Since \(k=2\), Alice must evaluate \(P(x)\) at \(2\) extra points: \(P(5) = 6\) and \(P(6) = 1\). Now, Alice can transmit the encoded codeword which consists of \(n + k = 6\) packets, where \(c_j = P(j)\) for \(1\leq j \leq 6\). So \(c_1 = P(1) = 3\), \(c_2 = P(2) = 1\), \(c_3 = P(3) = 5\), \(c_4 = P(4) = 0\), \(c_5 = P(5) = 6\), and \(c_6 = P(6) = 1\). Suppose packets \(2\) and \(6\) are dropped, in which case we have the following situation:
From the values that Bob received (\(3\), \(5\), \(0\), and \(6\)), he uses Lagrange interpolation and computes the following delta functions: \[\begin{aligned} \Delta_1(x) &= \frac{(x - 3)(x - 4)(x - 5)}{-24}\\ \Delta_3(x) &= \frac{(x - 1)(x - 4)(x - 5)}{4}\\ \Delta_4(x) &= \frac{(x - 1)(x - 3)(x - 5)}{-3}\\ \Delta_5(x) &= \frac{(x - 1)(x - 3)(x - 4)}{8}.\end{aligned}\] He then reconstructs the polynomial \(P(x) = (3)\Delta_1(x)+(5)\Delta_3(x)+(0)\Delta_4(x) + (6)\Delta_5(x) = x^3 + 4x^2 + 5\). Bob then evaluates \(m_2 = P(2) = 1\), which is the packet that was lost from the original codeword. More generally, no matter which two packets were dropped, following the same method Bob could still have reconstructed \(P(x)\) and thus the original message.

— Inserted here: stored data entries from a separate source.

(* There exists a function $\chi:\partial\Delta\times\mathbb R_{\ge0}\times A\to\mathbb R$, $(s,\gamma,\omega)\mapsto\chi(s,\gamma,\omega)$, which is smooth with respect to $(s,\gamma)$ and affine linear with respect to $\omega$ (for fixed $(s,\gamma)$, $\omega\mapsto\chi(s,\gamma,\omega)$ is the restriction to $A$ of an affine function on $M$), and satisfies: (i) $\chi(s,0,\omega)\equiv0$ and $\chi(s,\gamma,0)\equiv\gamma\cdot\lambda(0)$; (ii) as $\gamma\to\infty$, the function $s\mapsto e^{\gamma\lambda(\omega)-\chi(s,\gamma,\omega)}$ converges uniformly to $\rho_\omega(s)$, for every $\omega\in A$.
   Context: $M\cong\mathbb R^N$ with lattice $\mathbb Z^N$ and origin $0$; $\Delta\subset M$ an $N$-dimensional convex lattice polytope which is reflexive ($0$ interior, polar polytope $\{u:\langle u,m\rangle\ge-1\ \forall m\in\Delta\}$ integral) and nonsingular (each vertex lies on exactly $N$ edges whose lattice points generate $\mathbb Z^N$). $A\subset\Delta\cap\mathbb Z^N$ contains $0$ and all vertices of $\Delta$. $T$ is a coherent central triangulation of $\Delta$ with vertices in $A$ (central: $0$ is a vertex of every maximal simplex). Call $\psi:\Delta\to\mathbb R$ convex if $\psi(tx+(1-t)y)\ge t\psi(x)+(1-t)\psi(y)$. $\lambda:A\to\mathbb Z$ is fixed such that the $T$-piecewise linear function $\psi_\lambda$ interpolating $\lambda$ at the vertices of $T$ is convex with the maximal simplices of $T$ as its maximal domains of linearity, and $\psi_\lambda(\omega)\ge\lambda(\omega)$ for all $\omega\in A$, with equality exactly at the vertices of $T$. $\partial T$ is the triangulation of $\partial\Delta$ induced by $T$, $O(\tau)$ the barycenter of $\tau\in\partial T$. $V^0_\tau$ is the union of the simplices of the second barycentric subdivision of $\partial T$ having $O(\tau)$ as a vertex; $V_\tau\supset V^0_\tau$ is a small open neighbourhood in $\partial\Delta$ chosen so that $V_\tau\cap V_{\tau'}\ne\emptyset$ iff $\tau\subseteq\tau'$ or $\tau'\subseteq\tau$; $W_\tau:=\overline{V_\tau}\setminus\bigcup_{\tau'\supsetneq\tau}V_{\tau'}$. $\{\rho^0_\tau\}_{\tau\in\partial T}$ is a smooth partition of unity on $\partial\Delta$ subordinate to $\{V_\tau\}$. For a vertex $\omega$ of $\partial T$, $\rho_\omega:=\sum_{\tau\ni\omega}\rho^0_\tau$; $\rho_0\equiv1$; $\rho_\omega\equiv0$ for $\omega\in A$ not a vertex of $T$. *)

theory Defs
  imports "HOL-Analysis.Analysis"
begin

definition lattice_point :: "real^'n \<Rightarrow> bool" where
  "lattice_point x \<longleftrightarrow> (\<forall>i. x $ i \<in> \<int>)"

definition lattice_polytope :: "(real^'n) set \<Rightarrow> bool" where
  "lattice_polytope P \<longleftrightarrow>
     (\<exists>V. finite V \<and> (\<forall>v\<in>V. lattice_point v) \<and> P = convex hull V)"

text \<open>Polar polytope, with the dual space identified with M via the standard
  inner product (so that the dual lattice is again the integer lattice).\<close>
definition polar :: "(real^'n) set \<Rightarrow> (real^'n) set" where
  "polar P = {u. \<forall>m\<in>P. u \<bullet> m \<ge> -1}"

definition reflexive_polytope :: "(real^'n) set \<Rightarrow> bool" where
  "reflexive_polytope P \<longleftrightarrow>
     lattice_polytope P \<and> 0 \<in> interior P \<and> lattice_polytope (polar P)"

definition int_span :: "(real^'n) set \<Rightarrow> (real^'n) set" where
  "int_span S = {\<Sum>x\<in>F. of_int (c x) *\<^sub>R x | F c. finite F \<and> F \<subseteq> S}"

definition is_edge_of :: "(real^'n) set \<Rightarrow> (real^'n) set \<Rightarrow> bool" where
  "is_edge_of E P \<longleftrightarrow> E face_of P \<and> aff_dim E = 1"
theorem proposition1:
  fixes M :: "'a measure"
    and S :: "nat \<Rightarrow> 'a \<Rightarrow> nat"
    and Y :: "nat \<Rightarrow> 'a \<Rightarrow> real^'d"
    and T K t k :: nat
    and \<mu> :: "nat \<Rightarrow> real^'d"
    and \<Sigma> :: "nat \<Rightarrow> real^'d^'d"
    and lam chi psi :: "nat \<Rightarrow> real"
    and j h :: 'd
    and C :: "'d set"
  assumes "prob_space M"
    and "hom_markov_chain M S T K"
    and "\<forall>s\<in>{1..T}. Y s \<in> borel_measurable M"
    and "t \<in> {1..T}" and "k \<in> {1..K}"
    and "measure M {\<omega>\<in>space M. S t \<omega> = k} > 0"
    and "sym_pos_def (\<Sigma> k)" and "det (\<Sigma> k) = 1"
    and "chi k > 0" and "psi k > 0"
    and "distributed (uniform_measure M {\<omega>\<in>space M. S t \<omega> = k}) lborel (Y t)
           (\<lambda>y. ennreal (GH_density (\<mu> k) (\<Sigma> k) (lam k) (chi k) (psi k) y))"
    and "j \<noteq> h"
    and "C \<subseteq> UNIV - {j, h}"
    and "separates (precision_edge (matrix_inv (\<Sigma> k))) C j h"
  shows "AE \<omega> in uniform_measure M {\<omega>\<in>space M. S t \<omega> = k}.
           cond_cov (uniform_measure M {\<omega>\<in>space M. S t \<omega> = k})
                    (coord_sigma M (Y t) C)
                    (\<lambda>\<omega>. Y t \<omega> $ j) (\<lambda>\<omega>. Y t \<omega> $ h) \<omega> = 0"
proof -
  \<comment> \<open>the Markov chain only makes S t measurable; j \<noteq> h already follows from separation\<close>
  let ?A = "{\<omega>\<in>space M. S t \<omega> = k}"
  interpret M: prob_space M by fact
  have "S t \<in> measurable M (count_space UNIV)"
    using assms(2,4) by (simp add: hom_markov_chain_def)
  then have "?A \<in> sets M"
    using measurable_sets[of "S t" M "count_space UNIV" "{k}"] by (simp add: vimage_def Int_def conj_commute)
  then have N: "prob_space (uniform_measure M ?A)"
    using assms(6) by (intro prob_space_uniform_measure) (simp_all add: M.emeasure_eq_measure)
  have \<Theta>: "sym_pos_def (matrix_inv (\<Sigma> k))"
    using assms(7) by (rule sym_pos_def_matrix_inv)
  have "j \<notin> C"
    using assms(13) by auto
  note law = assms(11)[unfolded GH_density_radial]
  note moments = GH_moments[OF assms(11,7) _ assms(9,10)]
  have "AE \<omega> in uniform_measure M ?A. cond_cov (uniform_measure M ?A) (coord_sigma (uniform_measure M ?A) (Y t) C)
      (\<lambda>\<omega>. Y t \<omega> $ j) (\<lambda>\<omega>. Y t \<omega> $ h) \<omega> = 0"
    using assms(8) by (intro elliptical_cond_cov_eq_0[OF N law \<Theta> _ _ assms(14) \<open>j \<notin> C\<close>] moments) simp_all
  then show ?thesis
    by (simp add: coord_sigma_uniform_measure)
qed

Let us consider what would happen if Alice sent one fewer packet. If Alice only sent \(c_j\) for \(1 \leq j \leq n + k - 1\), then with \(k\) erasures, Bob would only receive \(c_j\) for \(n - 1\) distinct values \(j\). Thus, Bob would not be able to reconstruct \(P(x)\) (since there are exactly \(q\) polynomials of degree at most \(n - 1\) that agree with the \(n - 1\) packets which Bob received). This error-correcting scheme is therefore optimal: it can recover the \(n\) characters of the message from any \(n\) received characters, but recovery from any fewer characters is impossible.
Polynomial Interpolation
Let us take a brief digression to discuss another method of polynomial interpolation which will be useful in handling general errors. The goal of the algorithm will be to take as input \(d+1\) pairs \((x_1,y_1),\ldots,(x_{d+1},y_{d+1})\), and output the polynomial \(p(x) = a_dx^d + \cdots + a_1x + a_0\) such that \(p(x_i) = y_i\) for \(i = 1\) to \(d+1\).
The first step of the algorithm is to write a system of \(d+1\) linear equations in \(d+1\) variables: the coefficients of the polynomial \(a_0, \ldots, a_d\). Each equation is obtained by fixing \(x\) to be one of \(d+1\) values: \(x_1,\ldots,x_{d+1}\). Note that in \(p(x)\), \(x\) is a variable and \(a_0,\dots,a_d\) are fixed constants. In the equations below, these roles are swapped: \(x_i\) is a fixed constant and \(a_0,\dots,a_d\) are variables. For example, the \(i\)-th equation is the result of fixing \(x\) to be \(x_i\): \(a_d x_i^d + a_{d-1} x_i^{d-1} + \cdots + a_0 = y_i\).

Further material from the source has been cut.